- Nafech Location within Iran
- Coordinates: 32°25′23″N 50°47′16″E﻿ / ﻿32.42306°N 50.78778°E
- Country: Iran
- Province: Chaharmahal and Bakhtiari
- County: Shahrekord
- District: Central
- Established as a city: 2000

Population (2016)
- • Total: 4,059
- Time zone: UTC+3:30 (IRST)

= Nafech =

City in Chaharmahal and Bakhtiari province, Iran

Nafech (نافچ) (Note: Also romanized as Nāfch and Nāfech; also known as Nafeh and Nafej) is a city in the Central District of Shahrekord County, Chaharmahal and Bakhtiari province, Iran, serving as the administrative center for Howmeh Rural District. The previous capital of the rural district was the village of Chaleshtar, now a neighborhood in the city of Shahrekord.
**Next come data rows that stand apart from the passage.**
theorem mainTheorem13:
  fixes x y :: "nat \<Rightarrow> 'a" and A A' :: "'a set" and d :: nat
  assumes "finite A"
    and "\<forall>n. x n \<in> A"
    and "A' \<subset> A"
    and "\<forall>n. y n \<in> A'"
    and "prefixes_are_factors y x"
    and "d \<ge> 2"
    and "\<forall>z\<in>orbit_closure y. \<not> d_automatic d z"
  shows "\<not> d_automatic d x"
proof
  assume "d_automatic d x"
  then obtain B :: "nat set" and \<sigma> :: "nat \<Rightarrow> nat list" and \<tau> :: "nat \<Rightarrow> 'a" and u
    where finB: "finite B" and \<sigma>B: "\<forall>b\<in>B. length (\<sigma> b) = d \<and> set (\<sigma> b) \<subseteq> B"
      and uB: "\<forall>n. u n \<in> B" and fixpoint: "\<forall>n j. j < d \<longrightarrow> u (d * n + j) = \<sigma> (u n) ! j"
      and x_eq: "\<forall>n. x n = \<tau> (u n)"
    unfolding d_automatic_def by blast
  have "0 < d" using \<open>d \<ge> 2\<close> by simp
  obtain p c where "0 < p" "c \<in> B" and periodic: "(first_letter \<sigma> ^^ p) c = c"
    and "\<exists>\<^sub>F K in sequentially.
      prefix_is_factor (d ^ (p * K)) (\<lambda>s. \<tau> (morph_pow_nth \<sigma> d (p * K) c s)) y"
    using periodic_blocks_frequently_factors[OF finB \<sigma>B uB assms(5) x_eq \<open>0 < d\<close> fixpoint] .
  then have "(\<lambda>s. \<tau> (morph_limit \<sigma> d p c s)) \<in> orbit_closure y"
    by (intro orbit_closureI prefixes_are_factors_morph_limit[OF periodic \<open>d \<ge> 2\<close> \<open>0 < p\<close>])
  moreover have "d_automatic d (\<lambda>s. \<tau> (morph_limit \<sigma> d p c s))"
    using d_automatic_morph_limit[OF finB \<sigma>B \<open>c \<in> B\<close> periodic \<open>d \<ge> 2\<close> \<open>0 < p\<close>] .
  ultimately show False
    using assms(7) by blast
qed

end
lemma stage_factor_resize_other:
  assumes j: "j \<in> stage_labels V ch st - stage_lbl ` Pos"
  shows "stage_factor V' ch' st N \<alpha> j = stage_factor V ch st N \<alpha> j"
proof (rule stage_factor_cong)
  have not_removed: "v \<notin> removed" if "v \<in> stage V ch st j" for v
    using removed_situation j that by (auto simp: stage_def)
  have not_U: "v \<notin> U" if "v \<in> stage V ch st j" for v
    using that j u_in_stage_lbl_Pos by (auto simp: stage_def)
  show stage: "stage V' ch' st j = stage V ch st j"
    using situation_resize_iff not_removed by (auto simp: stage_def)
  show "leaves V' ch' = leaves V ch"
    by (rule leaves_resize)
  obtain v0 where v0: "v0 \<in> stage V ch st j"
    using j by (auto simp: stage_labels_def stage_def)
  show "stage_arity V' ch' st j = stage_arity V ch st j"
  proof -
    have "(SOME v. v \<in> stage V ch st j) \<in> stage V ch st j"
      using v0 by (rule someI)
    then show ?thesis
      unfolding stage_arity_def stage using not_U by (simp add: ch'_def)
  qed
  show "LB' (ch' v ! k) = LB (ch v ! k)"
    if "v \<in> stage V ch st j" "k < stage_arity V ch st j" for v k
  proof -
    have "v \<in> V'" "v \<notin> U"
      using that(1) not_removed not_U by (auto simp: V'_def stage_def is_situation_def)
    moreover have "ch v ! k \<in> set (ch v)"
      using that stage_arity_eq_length[OF that(1)] by simp
    ultimately show ?thesis
      using child_in_V' leaves_below_resize by (simp add: ch'_def)
  qed
qed
lemma sum_dev_le_l1_error:
  fixes D :: "nat set" and p :: "nat \<Rightarrow> real" and L :: "nat list \<Rightarrow> nat \<Rightarrow> real"
  assumes dist: "is_distribution D p" and len: "length S = n" and sub: "set S \<subseteq> {a\<in>D. p a > 0}"
    and faith: "faithful D p n S" and simple: "simple_learner D L"
    and med: "\<And>j. is_median D p j n (m j)" and l: "ln (real n) \<ge> 1"
  shows "(\<Sum>j\<in>{j. 1 \<le> j \<and> real j < (ln (real n))^2}. dev D p j n (m j))
    \<le> l1_error D p (L S) + 2 / (ln (real n))^2
      + ((ln (real n))^2 + 1) * (50 * ln (real n) ^ 6 * real n powr 0.6 / real n + 1 / real n)"
proof -
  define J where "J = {j. 1 \<le> j \<and> real j < (ln (real n))^2}"
  define c where "c = real n * (ln (real n))^2"
  define E where "E = 50 * ln (real n) ^ 6 * real n powr 0.6 / real n + 1 / real n"
  have fin: "finite D"
    using dist by (simp add: is_distribution_def)
  have J: "finite J" "0 \<notin> J" "real (card J) \<le> (ln (real n))^2 + 1"
    using small_counts_finite_card[of "(ln (real n))^2"] by (auto simp: J_def)
  have n: "real n > 1"
    using gt_one_of_ln_ge_one[OF l] .
  have E: "E \<ge> 0"
    using n by (simp add: E_def)
  have "(\<Sum>j\<in>J. dev D p j n (m j)) \<le> (\<Sum>j\<in>J. (\<Sum>a\<in>{a\<in>D. cnt S a = j}. \<bar>p a - L S a\<bar>)
      + ((\<Sum>a\<in>D. poi (real n * p a) j) + real (card {a\<in>D. cnt S a = j})) / c + E)"
  proof (rule sum_mono)
    fix j assume "j \<in> J"
    thus "dev D p j n (m j) \<le> (\<Sum>a\<in>{a\<in>D. cnt S a = j}. \<bar>p a - L S a\<bar>)
        + ((\<Sum>a\<in>D. poi (real n * p a) j) + real (card {a\<in>D. cnt S a = j})) / c + E"
      using dev_le_count_error[OF dist len sub faith simple med _ _ l, of j]
      by (simp add: J_def c_def E_def add.assoc)
  qed
  also have "\<dots> = (\<Sum>a\<in>{a\<in>D. cnt S a \<in> J}. \<bar>p a - L S a\<bar>)
      + ((\<Sum>j\<in>J. \<Sum>a\<in>D. poi (real n * p a) j) + real (card {a\<in>D. cnt S a \<in> J})) / c + real (card J) * E"
    using sum_count_classes[OF fin J(1), where f = "\<lambda>_. 1::real"]
    by (simp add: sum.distrib add_divide_distrib sum_count_classes[OF fin J(1)] flip: sum_divide_distrib)
  also have "\<dots> \<le> l1_error D p (L S) + (real n + real n) / c + ((ln (real n))^2 + 1) * E"
  proof -
    have "(\<Sum>a\<in>{a\<in>D. cnt S a \<in> J}. \<bar>p a - L S a\<bar>) \<le> l1_error D p (L S)"
      unfolding l1_error_def using fin by (intro sum_mono2) auto
    moreover have "real (card {a\<in>D. cnt S a \<in> J}) \<le> real n"
      using card_seen_le_length[OF fin J(2), of S] len by simp
    moreover have "c > 0"
      using n l by (simp add: c_def)
    ultimately show ?thesis
      using sum_sum_poi_le[OF dist J(1,2), of n] J(3) E
      by (intro add_mono divide_right_mono mult_right_mono) auto
  qed
  also have "(real n + real n) / c = 2 / (ln (real n))^2"
    using n by (simp add: c_def)
  finally show ?thesis
    unfolding J_def E_def .
qed
definition Tri :: "(real \<times> real) set" where
  "Tri = {(x, y). 0 \<le> y \<and> y \<le> x \<and> x \<le> 1}"

text \<open>k solves  l1 * k_x + l2 * k_y = f  on Tri in the sense of integration along
  characteristics: along every characteristic segment (x,y) + s(l1,l2), 0 <= s <= t,
  lying in Tri (Tri is convex, so it suffices that both endpoints lie in Tri),
  the increment of k equals the integral of f.\<close>
definition char_sol :: "real \<Rightarrow> real \<Rightarrow> (real \<times> real \<Rightarrow> real) \<Rightarrow> (real \<times> real \<Rightarrow> real) \<Rightarrow> bool" where
  "char_sol l1 l2 k f \<longleftrightarrow>
     (\<forall>x y t. (x, y) \<in> Tri \<and> 0 \<le> t \<and> (x + t * l1, y + t * l2) \<in> Tri \<longrightarrow>
        k (x + t * l1, y + t * l2) - k (x, y) = integral {0..t} (\<lambda>s. f (x + s * l1, y + s * l2)))"

end

theory Submission
  imports Defs
begin

text \<open>The components c11, c12 solve homogeneous transport equations whose characteristics
  issue from the diagonal, where they vanish; hence they vanish on all of Tri. The boundary
  integrals then only involve the forcing term \<Gamma>1 B, so k11 and k12 are the transports of
  known data from the bottom edge along their characteristics. The characteristics of k12
  have slope a < 1, and the points above the one through the origin are reached from the
  diagonal instead, where k12 = 0. The same transport formula gives existence and
  uniqueness.\<close>

lemma nonneg_affine_between:
  fixes u v s t :: real
  assumes "0 \<le> u" "0 \<le> u + t * v" "0 \<le> s" "s \<le> t"
  shows "0 \<le> u + s * v"
proof (cases "0 \<le> v")
  case False
  then have "t * v \<le> s * v" using assms(4) by (intro mult_right_mono_neg) auto
  then show ?thesis using assms(2) by linarith
qed (use assms in simp)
The village of Nafech was converted to a city in 2000.

==Demographics==
===Ethnicity===
Nafech is populated by Persians.

===Population===
At the time of the 2006 National Census, the city's population was 3,814 in 903 households. The following census in 2011 counted 3,975 people in 1,089 households. The 2016 census measured the population of the city as 4,059 people in 1,168 households.